__DIRECTIONS FOR THIS TASK__
Each entry needs to be reproduced verbatim.

++++ EXTRACTED RECORDS

theorem mainTheorem14:
  fixes g h :: cmat
  assumes "g \<in> SU2" and "h \<in> SU2" and "comm g h = mat 1"
  shows "((g, h) \<notin> {(s, t). (s = mat 1 \<or> s = - mat 1) \<and> (t = mat 1 \<or> t = - mat 1)} \<longrightarrow>
            (\<exists>f :: real \<Rightarrow> quad set.
               homeomorphic_map (top_of_set {0..1}) (subtopology Mtop (Iseg g h)) f \<and>
               f 0 = cls (g, h, h, g) \<and> f 0 \<in> P1 \<and>
               f 1 = cls (g, h, matrix_inv h, matrix_inv g) \<and> f 1 \<in> P2 \<and>
               (\<forall>t \<in> {0<..<1}. f t \<notin> P1 \<union> P2)))
       \<and> ((g, h) \<in> {(s, t). (s = mat 1 \<or> s = - mat 1) \<and> (t = mat 1 \<or> t = - mat 1)} \<longrightarrow>
            (\<exists>p \<in> {cls (mat 1, mat 1, mat 1, mat 1), cls (mat 1, - mat 1, - mat 1, mat 1),
                    cls (- mat 1, mat 1, mat 1, - mat 1), cls (- mat 1, - mat 1, - mat 1, - mat 1)}.
               Iseg g h = {p}))"
proof (intro conjI impI)
  assume "(g, h) \<notin> {(s, t). (s = mat 1 \<or> s = - mat 1) \<and> (t = mat 1 \<or> t = - mat 1)}"
  then have noncentral: "\<not> ((g = mat 1 \<or> g = - mat 1) \<and> (h = mat 1 \<or> h = - mat 1))" by simp
  have gh: "g ** h = h ** g" using assms comm_eq_one_iff by blast
  obtain f :: "real \<Rightarrow> quad set"
    where "homeomorphic_map (top_of_set {0..1}) (subtopology Mtop (Iseg g h)) f"
      "f 0 = cls (g, h, h, g)" "f 1 = cls (g, h, matrix_inv h, matrix_inv g)"
      "\<forall>t \<in> {0<..<1}. f t \<notin> P1 \<union> P2"
    by (rule Iseg_noncentral_homeomorphic[OF assms(1,2) gh noncentral])
  moreover have "cls (g, h, h, g) \<in> P1" "cls (g, h, matrix_inv h, matrix_inv g) \<in> P2"
    unfolding P1_def P2_def using assms by auto
  ultimately show "\<exists>f :: real \<Rightarrow> quad set.
      homeomorphic_map (top_of_set {0..1}) (subtopology Mtop (Iseg g h)) f \<and>
      f 0 = cls (g, h, h, g) \<and> f 0 \<in> P1 \<and>
      f 1 = cls (g, h, matrix_inv h, matrix_inv g) \<and> f 1 \<in> P2 \<and>
      (\<forall>t \<in> {0<..<1}. f t \<notin> P1 \<union> P2)" by auto
next
  assume "(g, h) \<in> {(s, t). (s = mat 1 \<or> s = - mat 1) \<and> (t = mat 1 \<or> t = - mat 1)}"
  then have "g = mat 1 \<or> g = - mat 1" "h = mat 1 \<or> h = - mat 1" by simp_all
  then show "\<exists>p \<in> {cls (mat 1, mat 1, mat 1, mat 1), cls (mat 1, - mat 1, - mat 1, mat 1),
      cls (- mat 1, mat 1, mat 1, - mat 1), cls (- mat 1, - mat 1, - mat 1, - mat 1)}.
      Iseg g h = {p}"
    using Iseg_central by (elim disjE) simp_all
qed

end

++++++++

__OUTPUT OF THE EXERCISE__
theorem mainTheorem14:
  fixes g h :: cmat
  assumes "g \<in> SU2" and "h \<in> SU2" and "comm g h = mat 1"
  shows "((g, h) \<notin> {(s, t). (s = mat 1 \<or> s = - mat 1) \<and> (t = mat 1 \<or> t = - mat 1)} \<longrightarrow>
            (\<exists>f :: real \<Rightarrow> quad set.
               homeomorphic_map (top_of_set {0..1}) (subtopology Mtop (Iseg g h)) f \<and>
               f 0 = cls (g, h, h, g) \<and> f 0 \<in> P1 \<and>
               f 1 = cls (g, h, matrix_inv h, matrix_inv g) \<and> f 1 \<in> P2 \<and>
               (\<forall>t \<in> {0<..<1}. f t \<notin> P1 \<union> P2)))
       \<and> ((g, h) \<in> {(s, t). (s = mat 1 \<or> s = - mat 1) \<and> (t = mat 1 \<or> t = - mat 1)} \<longrightarrow>
            (\<exists>p \<in> {cls (mat 1, mat 1, mat 1, mat 1), cls (mat 1, - mat 1, - mat 1, mat 1),
                    cls (- mat 1, mat 1, mat 1, - mat 1), cls (- mat 1, - mat 1, - mat 1, - mat 1)}.
               Iseg g h = {p}))"
proof (intro conjI impI)
  assume "(g, h) \<notin> {(s, t). (s = mat 1 \<or> s = - mat 1) \<and> (t = mat 1 \<or> t = - mat 1)}"
  then have noncentral: "\<not> ((g = mat 1 \<or> g = - mat 1) \<and> (h = mat 1 \<or> h = - mat 1))" by simp
  have gh: "g ** h = h ** g" using assms comm_eq_one_iff by blast
  obtain f :: "real \<Rightarrow> quad set"
    where "homeomorphic_map (top_of_set {0..1}) (subtopology Mtop (Iseg g h)) f"
      "f 0 = cls (g, h, h, g)" "f 1 = cls (g, h, matrix_inv h, matrix_inv g)"
      "\<forall>t \<in> {0<..<1}. f t \<notin> P1 \<union> P2"
    by (rule Iseg_noncentral_homeomorphic[OF assms(1,2) gh noncentral])
  moreover have "cls (g, h, h, g) \<in> P1" "cls (g, h, matrix_inv h, matrix_inv g) \<in> P2"
    unfolding P1_def P2_def using assms by auto
  ultimately show "\<exists>f :: real \<Rightarrow> quad set.
      homeomorphic_map (top_of_set {0..1}) (subtopology Mtop (Iseg g h)) f \<and>
      f 0 = cls (g, h, h, g) \<and> f 0 \<in> P1 \<and>
      f 1 = cls (g, h, matrix_inv h, matrix_inv g) \<and> f 1 \<in> P2 \<and>
      (\<forall>t \<in> {0<..<1}. f t \<notin> P1 \<union> P2)" by auto
next
  assume "(g, h) \<in> {(s, t). (s = mat 1 \<or> s = - mat 1) \<and> (t = mat 1 \<or> t = - mat 1)}"
  then have "g = mat 1 \<or> g = - mat 1" "h = mat 1 \<or> h = - mat 1" by simp_all
  then show "\<exists>p \<in> {cls (mat 1, mat 1, mat 1, mat 1), cls (mat 1, - mat 1, - mat 1, mat 1),
      cls (- mat 1, mat 1, mat 1, - mat 1), cls (- mat 1, - mat 1, - mat 1, - mat 1)}.
      Iseg g h = {p}"
    using Iseg_central by (elim disjE) simp_all
qed

end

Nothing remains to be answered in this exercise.